They dance possessed as if the floor beneath their feet were set ablaze, exploding with frenetic energy, flawlessly coming together, falling into each other’s embrace, separating and coming together once again, each with unrehearsed steps, intuitively fashioned, contrasting yet harmoniously synchronized. The trumpets scream unrestrained and the audience fervently responds, creating a symbiosis of energy between the live orchestra and those on the dance floor, unleashing primitive spirits, compelling patrons to dance their way out of social constrictions.

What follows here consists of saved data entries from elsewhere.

(* Let $S$ be a Clifford semigroup. Then the semigroup $T\mathbb{R}(S)$ of all normal cones in the category $\mathbb{R}(S)$ of principal right ideals of $S$ is anti-isomorphic to $S$, and the normal dual $N^*\mathbb{R}(S)$ of $\mathbb{R}(S)$ is isomorphic (as a normal category) to $\mathbb{L}(S)$.
   Context: A Clifford semigroup is a semigroup that is a semilattice of groups; equivalently, a regular semigroup whose idempotents are central. $E(S)$ denotes the set of idempotents. The category $\mathbb{L}(S)$ has objects $Se$, $e\in E(S)$, morphisms $\rho(e,u,f)\colon Se\to Sf$, $x\mapsto xu$, $u\in eSf$, composed left to right. The category $\mathbb{R}(S)$ has objects $eS$, $e\in E(S)$, morphisms $\lambda(e,u,f)\colon eS\to fS$, $x\mapsto ux$, for $u\in fSe$ (determined by domain, codomain and function), with composition $\lambda(e,u,f)\lambda(f,v,h)=\lambda(e,vu,h)$ and inclusions $\lambda(e,e,f)$ for $eS\subseteq fS$. A normal cone with apex $c$ in $\mathbb{R}(S)$ is a family $\gamma(a)\colon a\to c$ indexed by objects such that (inclusion $a\to b$)$\gamma(b)=\gamma(a)$ whenever $a\subseteq b$ and some $\gamma(a)$ is an isomorphism. The epimorphic component of $\lambda(e,u,f)$ is $\lambda(e,u,g)$ with $g\in E(S)$, $gS=uS$; $T\mathbb{R}(S)$ is the semigroup of normal cones with product $(\gamma\cdot\delta)(a)=\gamma(a)\,\delta(c_\gamma)^\circ$, $c_\gamma$ the apex of $\gamma$. For $\gamma$ with apex $c$ and an epimorphism $h\colon c\to c'$, $\gamma\ast h$ is the cone $a\mapsto\gamma(a)h$. The normal dual $N^*\mathbb{R}(S)$ is the category whose objects are the functors $H(\gamma;-)\colon\mathbb{R}(S)\to\mathbf{Set}$, $\gamma\in T\mathbb{R}(S)$, with $H(\gamma;d)=\{\gamma\ast f^\circ : f\colon c_\gamma\to d\}$ and $H(\gamma;g)\colon\gamma\ast f^\circ\mapsto\gamma\ast(fg)^\circ$, and whose morphisms are natural transformations; it carries a natural normal category structure. *)

theory Defs
  imports "HOL-Library.FuncSet"
begin

(* The semigroup S is the whole type 'a :: semigroup_mult. *)

definition idem :: "'a::semigroup_mult \<Rightarrow> bool" where
  "idem e \<longleftrightarrow> e * e = e"

definition clifford_semigroup :: "'a::semigroup_mult itself \<Rightarrow> bool" where
  "clifford_semigroup T \<longleftrightarrow>
     (\<forall>x::'a. \<exists>y. x * y * x = x) \<and> (\<forall>e::'a. \<forall>x. idem e \<longrightarrow> e * x = x * e)"

definition rId :: "'a::semigroup_mult \<Rightarrow> 'a set" where
  "rId u = {u * s | s. True}"

definition lId :: "'a::semigroup_mult \<Rightarrow> 'a set" where
  "lId u = {s * u | s. True}"

(* morphisms of the concrete categories: (domain, codomain, function restricted to domain) *)
type_synonym 'a mor = "'a set \<times> 'a set \<times> ('a \<Rightarrow> 'a)"
type_synonym 'a cone = "'a set \<Rightarrow> 'a mor"

definition msrc :: "'a mor \<Rightarrow> 'a set" where "msrc m = fst m"
definition mtgt :: "'a mor \<Rightarrow> 'a set" where "mtgt m = fst (snd m)"
definition mfun :: "'a mor \<Rightarrow> 'a \<Rightarrow> 'a" where "mfun m = snd (snd m)"

(* composition, written left to right *)
definition mcomp :: "'a mor \<Rightarrow> 'a mor \<Rightarrow> 'a mor" where
  "mcomp m n = (msrc m, mtgt n, restrict (mfun n \<circ> mfun m) (msrc m))"

definition minc :: "'a set \<Rightarrow> 'a set \<Rightarrow> 'a mor" where
  "minc A B = (A, B, restrict id A)"

definition lam :: "'a::semigroup_mult \<Rightarrow> 'a \<Rightarrow> 'a \<Rightarrow> 'a mor" where
  "lam e u f = (rId e, rId f, restrict (\<lambda>x. u * x) (rId e))"

definition rho :: "'a::semigroup_mult \<Rightarrow> 'a \<Rightarrow> 'a \<Rightarrow> 'a mor" where
  "rho e u f = (lId e, lId f, restrict (\<lambda>x. x * u) (lId e))"

definition R_obj :: "'a::semigroup_mult set set" where
  "R_obj = {rId e | e. idem e}"

definition R_hom :: "'a::semigroup_mult set \<Rightarrow> 'a set \<Rightarrow> 'a mor set" where
  "R_hom A B = {lam e u f | e u f. idem e \<and> idem f \<and> (\<exists>s. u = f * s * e)
                  \<and> A = rId e \<and> B = rId f}"

definition R_mor :: "'a::semigroup_mult mor set" where
  "R_mor = (\<Union>A\<in>R_obj. \<Union>B\<in>R_obj. R_hom A B)"

definition R_iso :: "'a::semigroup_mult mor \<Rightarrow> bool" where
  "R_iso m \<longleftrightarrow> (\<exists>A\<in>R_obj. \<exists>B\<in>R_obj. \<exists>n. m \<in> R_hom A B \<and> n \<in> R_hom B A
                  \<and> mcomp m n = minc A A \<and> mcomp n m = minc B B)"

definition normal_cone :: "'a::semigroup_mult cone \<Rightarrow> 'a set \<Rightarrow> bool" where
  "normal_cone \<gamma> c \<longleftrightarrow> c \<in> R_obj
     \<and> (\<forall>a. a \<notin> R_obj \<longrightarrow> \<gamma> a = undefined)
     \<and> (\<forall>a\<in>R_obj. \<gamma> a \<in> R_hom a c)
     \<and> (\<forall>a\<in>R_obj. \<forall>b\<in>R_obj. a \<subseteq> b \<longrightarrow> mcomp (minc a b) (\<gamma> b) = \<gamma> a)
     \<and> (\<exists>a\<in>R_obj. R_iso (\<gamma> a))"

definition TR :: "'a::semigroup_mult cone set" where
  "TR = {\<gamma>. \<exists>c. normal_cone \<gamma> c}"

definition apex :: "'a::semigroup_mult cone \<Rightarrow> 'a set" where
  "apex \<gamma> = (THE c. normal_cone \<gamma> c)"

definition epi_comp :: "'a::semigroup_mult mor \<Rightarrow> 'a mor" where
  "epi_comp m = (THE m'. \<exists>e u f g. idem e \<and> idem f \<and> idem g \<and> (\<exists>s. u = f * s * e)
                   \<and> m = lam e u f \<and> rId g = rId u \<and> m' = lam e u g)"

definition cone_mult :: "'a::semigroup_mult cone \<Rightarrow> 'a cone \<Rightarrow> 'a cone" where
  "cone_mult \<gamma> \<delta> = (\<lambda>a. if a \<in> R_obj then mcomp (\<gamma> a) (epi_comp (\<delta> (apex \<gamma>))) else undefined)"

definition cone_star :: "'a::semigroup_mult cone \<Rightarrow> 'a mor \<Rightarrow> 'a cone" where
  "cone_star \<gamma> h = (\<lambda>a. if a \<in> R_obj then mcomp (\<gamma> a) h else undefined)"

definition Hset :: "'a::semigroup_mult cone \<Rightarrow> 'a set \<Rightarrow> 'a cone set" where
  "Hset \<gamma> d = {cone_star \<gamma> (epi_comp f) | f. f \<in> R_hom (apex \<gamma>) d}"

definition Hmap :: "'a::semigroup_mult cone \<Rightarrow> 'a mor \<Rightarrow> 'a cone \<Rightarrow> 'a cone" where
  "Hmap \<gamma> g = restrict
     (\<lambda>x. cone_star \<gamma> (epi_comp (mcomp
            (SOME f. f \<in> R_hom (apex \<gamma>) (msrc g) \<and> x = cone_star \<gamma> (epi_comp f)) g)))
     (Hset \<gamma> (msrc g))"

(* a Set-valued functor on R(S): (object part, morphism part) *)
type_synonym 'a nobj = "('a set \<Rightarrow> 'a cone set) \<times> ('a mor \<Rightarrow> 'a cone \<Rightarrow> 'a cone)"
(* a natural transformation: (source functor, target functor, components) *)
type_synonym 'a nmor = "'a nobj \<times> 'a nobj \<times> ('a set \<Rightarrow> 'a cone \<Rightarrow> 'a cone)"

definition Hfun :: "'a::semigroup_mult cone \<Rightarrow> 'a nobj" where
  "Hfun \<gamma> = ((\<lambda>d. if d \<in> R_obj then Hset \<gamma> d else undefined),
              (\<lambda>g. if g \<in> R_mor then Hmap \<gamma> g else undefined))"

definition N_obj :: "'a::semigroup_mult nobj set" where
  "N_obj = Hfun ` TR"

definition N_hom :: "'a::semigroup_mult nobj \<Rightarrow> 'a nobj \<Rightarrow> 'a nmor set" where
  "N_hom F G = {(F, G, \<sigma>) | \<sigma>.
      (\<forall>d. d \<notin> R_obj \<longrightarrow> \<sigma> d = undefined)
    \<and> (\<forall>d\<in>R_obj. \<sigma> d \<in> extensional (fst F d) \<and> \<sigma> d \<in> fst F d \<rightarrow> fst G d)
    \<and> (\<forall>d\<in>R_obj. \<forall>d'\<in>R_obj. \<forall>g\<in>R_hom d d'. \<forall>x\<in>fst F d.
          snd G g (\<sigma> d x) = \<sigma> d' (snd F g x))}"

definition N_mor :: "'a::semigroup_mult nmor set" where
  "N_mor = (\<Union>F\<in>N_obj. \<Union>G\<in>N_obj. N_hom F G)"

(* composition of natural transformations, left to right *)
definition N_comp :: "'a::semigroup_mult nmor \<Rightarrow> 'a nmor \<Rightarrow> 'a nmor" where
  "N_comp s t = (fst s, fst (snd t),
     \<lambda>d. if d \<in> R_obj then restrict (snd (snd t) d \<circ> snd (snd s) d) (fst (fst s) d) else undefined)"

(* normal category structure on N*R(S): inclusions are the natural transformations
   all of whose components are set inclusions *)
definition N_le :: "'a::semigroup_mult nobj \<Rightarrow> 'a nobj \<Rightarrow> bool" where
  "N_le F G \<longleftrightarrow> (\<forall>d\<in>R_obj. fst F d \<subseteq> fst G d)"

definition N_inc :: "'a::semigroup_mult nobj \<Rightarrow> 'a nobj \<Rightarrow> 'a nmor" where
  "N_inc F G = (F, G, \<lambda>d. if d \<in> R_obj then restrict id (fst F d) else undefined)"

definition L_obj :: "'a::semigroup_mult set set" where
  "L_obj = {lId e | e. idem e}"

definition L_hom :: "'a::semigroup_mult set \<Rightarrow> 'a set \<Rightarrow> 'a mor set" where
  "L_hom A B = {rho e u f | e u f. idem e \<and> idem f \<and> (\<exists>s. u = e * s * f)
                  \<and> A = lId e \<and> B = lId f}"

definition L_mor :: "'a::semigroup_mult mor set" where
  "L_mor = (\<Union>A\<in>L_obj. \<Union>B\<in>L_obj. L_hom A B)"

definition normal_cat_iso :: "('a::semigroup_mult set \<Rightarrow> 'a nobj) \<Rightarrow> ('a mor \<Rightarrow> 'a nmor) \<Rightarrow> bool" where
  "normal_cat_iso FO FM \<longleftrightarrow>
      bij_betw FO L_obj N_obj \<and> bij_betw FM L_mor N_mor
    \<and> (\<forall>A\<in>L_obj. \<forall>B\<in>L_obj. \<forall>m\<in>L_hom A B. FM m \<in> N_hom (FO A) (FO B))
    \<and> (\<forall>A\<in>L_obj. \<forall>B\<in>L_obj. \<forall>C\<in>L_obj. \<forall>m\<in>L_hom A B. \<forall>n\<in>L_hom B C.
          FM (mcomp m n) = N_comp (FM m) (FM n))
    \<and> (\<forall>A\<in>L_obj. \<forall>B\<in>L_obj. (A \<subseteq> B \<longleftrightarrow> N_le (FO A) (FO B))
          \<and> (A \<subseteq> B \<longrightarrow> FM (minc A B) = N_inc (FO A) (FO B)))"

end

theory Submission
  imports Defs
begin

text \<open>In a Clifford semigroup every \<open>x\<close> has an inverse \<open>x'\<close> in its \<open>\<H>\<close>-class, and
  \<open>x x' = x' x\<close> is a central idempotent; hence isomorphic principal right ideals are equal and
  every isomorphism of \<open>\<R>(S)\<close> is left translation by a unit of some maximal subgroup.
  Comparing the components of a normal cone on the intersection \<open>egS\<close> of two objects \<open>eS\<close>, \<open>gS\<close>
  shows that each normal cone is left translation \<open>x \<mapsto> u x\<close> by a unique \<open>u\<close>, and composing
  such cones multiplies the translating elements in the opposite order: \<open>T\<R>(S) \<cong> S\<^sup>o\<^sup>p\<close>.
  Through this identification \<open>H(\<gamma>; d)\<close> for the cone of an idempotent \<open>e\<close> becomes \<open>d \<inter> Se\<close>,
  and by the Yoneda lemma the natural transformations \<open>H(e; -) \<Rightarrow> H(f; -)\<close> are exactly the
  right translations by \<open>u \<in> eSf\<close>, i.e. the morphisms \<open>\<rho>(e, u, f)\<close> of \<open>\<L>(S)\<close>.\<close>

text \<open>\<open>ginv x\<close> is the inverse of \<open>x\<close> in the maximal subgroup containing \<open>x\<close>, whose identity
  is \<open>gunit x\<close>.\<close>

definition ginv :: "'a::semigroup_mult \<Rightarrow> 'a" where
  "ginv x = (let y = (SOME y. x * y * x = x) in y * x * y)"

definition gunit :: "'a::semigroup_mult \<Rightarrow> 'a" where
  "gunit x = x * ginv x"

definition cone_of :: "'a::semigroup_mult \<Rightarrow> 'a cone" where
  "cone_of u = (\<lambda>a. if a \<in> R_obj then (a, rId (gunit u), restrict (\<lambda>x. u * x) a) else undefined)"

lemma mcomp_restrict:
  assumes "f ` A \<subseteq> B"
  shows "mcomp (A, B, restrict f A) (B', C, restrict g B) = (A, C, restrict (g \<circ> f) A)"
  using assms unfolding mcomp_def msrc_def mtgt_def mfun_def
  by (simp add: restrict_compose_right restrict_compose_left)

locale clifford =
  fixes S :: "'a::semigroup_mult itself"
  assumes clifford: "clifford_semigroup S"
begin

section \<open>Clifford semigroups\<close>

lemma idem_central: "idem (e::'a) \<Longrightarrow> e * x = x * e"
  using clifford unfolding clifford_semigroup_def by blast

lemma regular: "\<exists>y. (x::'a) * y * x = x"
  using clifford unfolding clifford_semigroup_def by blast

Well before Studio 54 made its debut, another New York hotspot came into being 30 years earlier, and much like 54, The Palladium fostered the mingling of stars the likes of Lena Horne, Marlon Brando, Ava Gardner, Rita Hayworth, Kim Novack, and Liz Taylor with everyday people. Originally a whites-only club, by 1948 The Palladium integrated races after its owner Maxwell Hyman saw the financial potential in a demographically diverse audience, drawn to a completely eruptive sound in music, the exotic and sensually infused Mambo.

Millie Donay and “Cuban Pete” (Pedro Aguilar)

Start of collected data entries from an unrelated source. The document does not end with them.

lemma integral_step_intensity:
  fixes b r s t :: real
  assumes "s \<le> t"
  shows "integral {s..t} (\<lambda>x. if x \<le> b then 0 else r) = r * (max t b - max s b)"
proof -
  let ?F = "\<lambda>x. r * max x b"
  have "((\<lambda>x. if x \<le> b then 0 else r) has_integral ?F t - ?F s) {s..t}"
  proof (rule fundamental_theorem_of_calculus_interior_strong[where S = "{b}"])
    show "continuous_on {s..t} ?F"
      by (intro continuous_intros)
    fix x assume x: "x \<in> {s<..<t} - {b}"
    show "(?F has_vector_derivative (if x \<le> b then 0 else r)) (at x)"
    proof (cases "x < b")
      case True
      have "((\<lambda>x. r * b) has_vector_derivative 0) (at x)"
        by (rule derivative_eq_intros) auto
      then have "(?F has_vector_derivative 0) (at x)"
        by (rule has_vector_derivative_transform_within_open[where S = "{..<b}"]) (use True in auto)
      then show ?thesis
        using True by simp
    next
      case False
      then have "b < x" using x by auto
      have "((\<lambda>x. r * x) has_vector_derivative r) (at x)"
        using DERIV_cmult[OF DERIV_ident, of r x]
        by (simp add: has_real_derivative_iff_has_vector_derivative)
      then have "(?F has_vector_derivative r) (at x)"
        by (rule has_vector_derivative_transform_within_open[where S = "{b<..}"]) (use \<open>b < x\<close> in auto)
      then show ?thesis
        using \<open>b < x\<close> by simp
    qed
  qed (use assms in auto)
  then show ?thesis
    by (simp add: integral_unique right_diff_distrib)
qed

lemma tendsto_div_one_minus_exp:
  fixes r :: real
  assumes "0 < r"
  shows "((\<lambda>x. x / (1 - exp (- (r * x)))) \<longlongrightarrow> 1 / r) (at_right 0)"
proof -
  have "((\<lambda>x. x / (1 - exp (- (r * x)))) \<longlongrightarrow> inverse r) (at_right 0)"
    using assms by real_asymp
  then show ?thesis
    by (simp add: inverse_eq_divide)
qed

lemma nn_integral_decreasing_limit:
  fixes X :: "nat \<Rightarrow> 'a \<Rightarrow> ennreal"
  assumes X: "\<And>j. X j \<in> borel_measurable M"
    and lim: "AE \<omega> in M. decseq (\<lambda>j. X j \<omega>) \<and> (\<lambda>j. X j \<omega>) \<longlonglongrightarrow> Y \<omega>"
    and int: "\<And>j. (\<integral>\<^sup>+\<omega>. X j \<omega> \<partial>M) = ennreal (v j)"
    and v: "v \<longlonglongrightarrow> V"
  shows "(\<integral>\<^sup>+\<omega>. Y \<omega> \<partial>M) = ennreal V"
proof -
  have dec: "AE \<omega> in M. X (Suc j) \<omega> \<le> X j \<omega>" for j
    using lim by eventually_elim (simp add: decseq_Suc_iff)
  have "AE \<omega> in M. Y \<omega> = (INF j. X j \<omega>)"
    using lim by eventually_elim (metis LIMSEQ_INF LIMSEQ_unique)
  then have "(\<integral>\<^sup>+\<omega>. Y \<omega> \<partial>M) = (\<integral>\<^sup>+\<omega>. (INF j. X j \<omega>) \<partial>M)"
    by (rule nn_integral_cong_AE)
  also have "\<dots> = (INF j. ennreal (v j))"
    using dec X by (subst nn_integral_monotone_convergence_INF_AE') (simp_all add: int)
  also have "\<dots> = ennreal V"
  proof (rule LIMSEQ_unique)
    have "ennreal (v (Suc j)) \<le> ennreal (v j)" for j
      unfolding int[symmetric] using dec by (rule nn_integral_mono_AE)
    then show "(\<lambda>j. ennreal (v j)) \<longlonglongrightarrow> (INF j. ennreal (v j))"
      by (intro LIMSEQ_INF) (simp add: decseq_Suc_iff)
    show "(\<lambda>j. ennreal (v j)) \<longlonglongrightarrow> ennreal V"
      using v by (rule tendsto_ennrealI)
  qed
  finally show ?thesis .
qed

“The subway was right outside the entrance of the Palladium… you could literally hear the music pounding from the from the stairway of the of the train and people started dancing on the pavement”- Aurora Flores,  producer, musician, journalist, activist and authority on Latin music/culture 

The Mambo, a derivative of  Afro-Cuban fusion, naturally tracing its roots to Africa, incorporated polyrhythmic drumming (rhythm which makes use of two or more different rhythms simultaneously), as well as instruments foreign to the mainstream. Because of its divergent sound from the popular music of the day, jazz, blues, boogie-woogie, big bands, and the approaching rock’n’roll, it attracted well-deserved attention.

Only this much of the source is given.